Kerr, PEPCON may be Superfund sites
Monday, Sept. 28, 1998 | 10:51 a.m.
The federal Environmental Protection Agency is considering action under the Superfund law for two Southern Nevada industrial sites that are contaminating the Colorado River with the rocket fuel booster perchlorate.
Scientists are concerned that perchlorate contaminating the Colorado River could affect 23 million people drawing water to drink and grow crops.
The EPA is evaluating Kerr McGee Chemical Corp. and the former Pacific Engineering & Production Company for possible remedial action to clean up contamination from production of ammonium perchlorate at the companies' sites in Henderson, said Randy Wittorp of the EPA Region 9 office in San Francisco.

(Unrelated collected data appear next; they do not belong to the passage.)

lemma card_E_pair_block:
  assumes x: "x \<in> V" and y: "y \<in> V" and "y \<notin> pair (mate x)"
  shows "card {(u, v). u \<in> pair x \<and> v \<in> pair y \<and> E u v} = (if E x y then 4 else 0)"
proof -
  have "{(u, v). u \<in> pair x \<and> v \<in> pair y \<and> E u v} = {(u, v). u \<in> pair x \<and> v \<in> pair y \<and> E x y}"
    using E_pair_block[OF assms] by blast
  then have "{(u, v). u \<in> pair x \<and> v \<in> pair y \<and> E u v} = (if E x y then pair x \<times> pair y else {})"
    by auto
  moreover have "card (pair x) = 2" "card (pair y) = 2"
    using xb_neq x y by (metis card_2_iff)+
  then have "card (pair x \<times> pair y) = 4"
    by (simp only: card_cartesian_product)
  ultimately show ?thesis by simp
qed

lemma card_E_quad_block:
  assumes x: "x \<in> V" and y: "y \<in> V" and NA_x: "\<not> E x (b x)" and NA_y: "\<not> E y (b y)"
    and y_x: "y \<notin> pair x" and y_mx: "y \<notin> pair (mate x)"
  shows "card {(u, v). u \<in> pair x \<union> pair (mate x) \<and> v \<in> pair y \<union> pair (mate y) \<and> E u v}
    = (if E x y then 8 else 0) + (if E (mate x) y then 8 else 0)"
proof -
  let ?c = "\<lambda>p q. card {(u, v). u \<in> pair p \<and> v \<in> pair q \<and> E u v}"
  have mx: "mate x \<in> V" and my: "mate y \<in> V"
    using mate_in_V x y by auto
  have my_x: "mate y \<notin> pair x" and my_mx: "mate y \<notin> pair (mate x)"
    using mate_in_pair_iff[OF y] mate_mate[OF x] x mx y_x y_mx by auto
  have y_mmx: "y \<notin> pair (mate (mate x))" and my_mmx: "mate y \<notin> pair (mate (mate x))"
    using mate_mate[OF x] y_x my_x by auto
  have disj_x: "pair x \<inter> pair (mate x) = {}" and disj_y: "pair y \<inter> pair (mate y) = {}"
    using pair_disjoint mate_notin_pair mate_in_V x y NA_x NA_y by auto
  have c_x_y: "?c x y = (if E x y then 4 else 0)"
    using card_E_pair_block[OF x y y_mx] .
  have c_x_my: "?c x (mate y) = (if E (mate x) y then 4 else 0)"
    using card_E_pair_block[OF x my my_mx] E_mate_commute[OF x y y_x] E_commute by simp
  have c_mx_y: "?c (mate x) y = (if E (mate x) y then 4 else 0)"
    using card_E_pair_block[OF mx y y_mmx] .
  have c_mx_my: "?c (mate x) (mate y) = (if E x y then 4 else 0)"
    using card_E_pair_block[OF mx my my_mmx] E_mate_commute[OF mx y y_mx] mate_mate[OF x]
      E_commute by simp
  have "card {(u, v). u \<in> pair x \<union> pair (mate x) \<and> v \<in> pair y \<union> pair (mate y) \<and> E u v}
      = card {(u, v). u \<in> pair x \<and> v \<in> pair y \<union> pair (mate y) \<and> E u v}
        + card {(u, v). u \<in> pair (mate x) \<and> v \<in> pair y \<union> pair (mate y) \<and> E u v}"
    by (rule card_pairs_Un_left) (use disj_x in auto)
  also have "\<dots> = ?c x y + ?c x (mate y) + (?c (mate x) y + ?c (mate x) (mate y))"
    by (subst (1 2) card_pairs_Un_right) (use disj_y in auto)
  also have "\<dots> = (if E x y then 8 else 0) + (if E (mate x) y then 8 else 0)"
    unfolding c_x_y c_x_my c_mx_y c_mx_my by simp
  finally show ?thesis .
qed

lemma xprime_eq_mate: "\<not> E x (b x) \<Longrightarrow> xprime V E k x = mate x"
  by (simp add: mate_def)

lemma xprime_xb_eq:
  assumes x: "x \<in> V" and NA_x: "\<not> E x (b x)"
  shows "xprime V E k (b x) = b (mate x)"
proof -
  have "\<not> E (b x) (b (b x))"
    using xb_xb[OF x] NA_x E_commute by simp
  then show ?thesis
    using xprime_eq_mate mate_xb[OF x] by simp
qed

lemma special_iff:
  assumes x: "x \<in> V" and y: "y \<in> V" and NA_x: "\<not> E x (b x)" and NA_y: "\<not> E y (b y)"
    and y_x: "y \<notin> pair x" and y_mx: "y \<notin> pair (mate x)"
  shows "special V E k x y \<longleftrightarrow> E x y \<noteq> E (mate x) y"
proof -
  have quad: "{z, xprime V E k z, b z, xprime V E k (b z)} = pair z \<union> pair (mate z)"
    if "z \<in> V" "\<not> E z (b z)" for z
    using xprime_eq_mate[OF that(2)] xprime_xb_eq[OF that] by auto
  have "{xprime V E k x, xprime V E k (b x)} = pair (mate x)"
    using xprime_eq_mate[OF NA_x] xprime_xb_eq[OF x NA_x] by simp
  also have "\<dots> \<noteq> pair y"
    using pair_eq_iff[OF mate_in_V[OF x] y] y_mx by simp
  finally show ?thesis
    unfolding special_def NA_vertex_def quad[OF x NA_x] quad[OF y NA_y]
    using card_E_quad_block[OF assms] NA_x NA_y by auto
qed

lemma E_mate_iff_E2_neq_special:
  assumes x: "x \<in> V" and y: "y \<in> V" and y_x: "y \<notin> pair x"
  shows "E (mate x) y \<longleftrightarrow> (E2 V E k (pair x) (pair y) \<noteq> special V E k x y)"
proof -
  have E2: "E2 V E k (pair x) (pair y) \<longleftrightarrow> E x y \<and> y \<noteq> mate x"
    using E2_pair_iff[OF x y] Eprime_iff_mate[OF x y] by simp
  consider (A_x) "E x (b x)"
    | (A_y) "\<not> E x (b x)" "E y (b y)"
    | (NA_mate) "\<not> E x (b x)" "\<not> E y (b y)" "y \<in> pair (mate x)"
    | (NA_generic) "\<not> E x (b x)" "\<not> E y (b y)" "y \<notin> pair (mate x)"
    by blast
  then show ?thesis
  proof cases
    case A_x
    then have "\<not> special V E k x y" and "mate x = b x"
      using mate_eq_xb_iff[OF x] by (simp_all add: special_def NA_vertex_def)
    then show ?thesis
      using E2 A_vertex_twins[OF x A_x y_x] y_x by auto
  next
    case A_y
    have x_y: "x \<notin> pair y"
      using in_pair_commute[OF x y] y_x by blast
    have "E (mate x) y \<longleftrightarrow> E (b y) x"
      using E_mate_commute[OF x y y_x] mate_eq_xb_iff[OF y] A_y by simp
    also have "\<dots> \<longleftrightarrow> E x y"
      using A_vertex_twins[OF y A_y(2) x_y] E_commute by blast
    finally show ?thesis
      using E2 A_y A_vertex_mate[OF x] by (auto simp: special_def NA_vertex_def)
  next
    case NA_mate
    have "{xprime V E k x, xprime V E k (b x)} = pair y"
      using xprime_eq_mate[OF NA_mate(1)] xprime_xb_eq[OF x NA_mate(1)]
        pair_eq_iff[OF mate_in_V[OF x] y] NA_mate(3) by simp
    then have "\<not> special V E k x y"
      by (simp add: special_def)
    moreover have "\<not> E (mate x) y"
      using NA_mate A_vertex_mate[OF x] E_irrefl by auto
    moreover have "\<not> E x (b (mate x))"
      using E_xb_commute[OF x mate_in_V[OF x]] not_E_mate_xb[OF x] E_commute by blast
    ultimately show ?thesis
      using E2 NA_mate(3) by auto
  next
    case NA_generic
    then show ?thesis
      using special_iff[OF x y _ _ y_x] E2 by auto
  qed
qed

lemma common_V2_special:
  assumes x: "x \<in> V" and y: "y \<in> V" and "pair x \<noteq> pair y"
  shows "let c = common (V2 V E k) (E2 V E k) (pair x) (pair y) in
          (E2 V E k (pair x) (pair y) \<longrightarrow>
             (special V E k x y \<longrightarrow> 2 * c = a) \<and> (\<not> special V E k x y \<longrightarrow> 2 * c + 2 = a))
        \<and> (\<not> E2 V E k (pair x) (pair y) \<longrightarrow>
             (special V E k x y \<longrightarrow> 2 * c + 2 = a) \<and> (\<not> special V E k x y \<longrightarrow> 2 * c = a))"
proof -
  have y_x: "y \<notin> pair x"
    using pair_eq_iff[OF x y] assms(3) by blast
  show ?thesis
    using twice_common_V2_mate[OF x y y_x] E_mate_iff_E2_neq_special[OF x y y_x]
    unfolding Let_def by (auto split: if_splits)
qed

lemma twice_degree_V2: "P \<in> V2 V E k \<Longrightarrow> 2 * card {Q \<in> V2 V E k. E2 V E k P Q} = k - 1"
  using twice_degree_V2_pair unfolding V2_def by blast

Perchlorate levels were found in Lake Mead ranging from 16 parts per billion to 6 parts per billion. Southern California's Metropolitan Water District discovered perchlorate a year ago in its water supply from the Colorado River at 8 parts per billion.
California state health officials set a guideline of 18 parts per billion for drinking water. There is no national standard for perchlorate in drinking water and Nevada has not set any health guidelines.
In order to qualify for the Superfund federal cleanup program, the sites have to make the National Priorities List, Wittorp said. "At this time, they are not on the list," he said.
Perchlorate has been found in drinking and well water sources in Nevada, California and Utah. Scientists are studying long-term exposure to the chemical which dissolves in water and can slow growth by interfering with the thyroid gland. Perchlorate has been used to treat overactive thyroids, a disease called hyperthyroidism.
In extreme high doses in humans, perchlorate has caused blood diseases and even death.
The U.S. Department of Defense, the EPA and state environmental agencies are working together to determine perchlorate's effects from two studies in rats.
The Nevada Division of Environmental Protection is overseeing plans to contain ground water contaminated with perchlorate that has left Kerr McGee and PEPCON properties.
Brenda Pohlmann, in charge of the perchlorate cleanup project for NDEP, said the state plans to continue working on the cleanup that includes a containment pond and research on plans to eliminate the chemical from the water at the Kerr McGee site. Both Kerr McGee and PEPCON conducted ground water tests and mapped the paths where perchlorate could flow.
The state met with EPA officials recently, she said. "The state remains in charge," she said.
PEPCON blew up in 1988. The company is now known as American Pacific Corp. and moved its operations west of Cedar City, Utah, in 1989.
The EPA investigated the PEPCON explosion that destroyed the plant and chose to leave the responsibility for cleaning up the site to the state, Pohlmann said.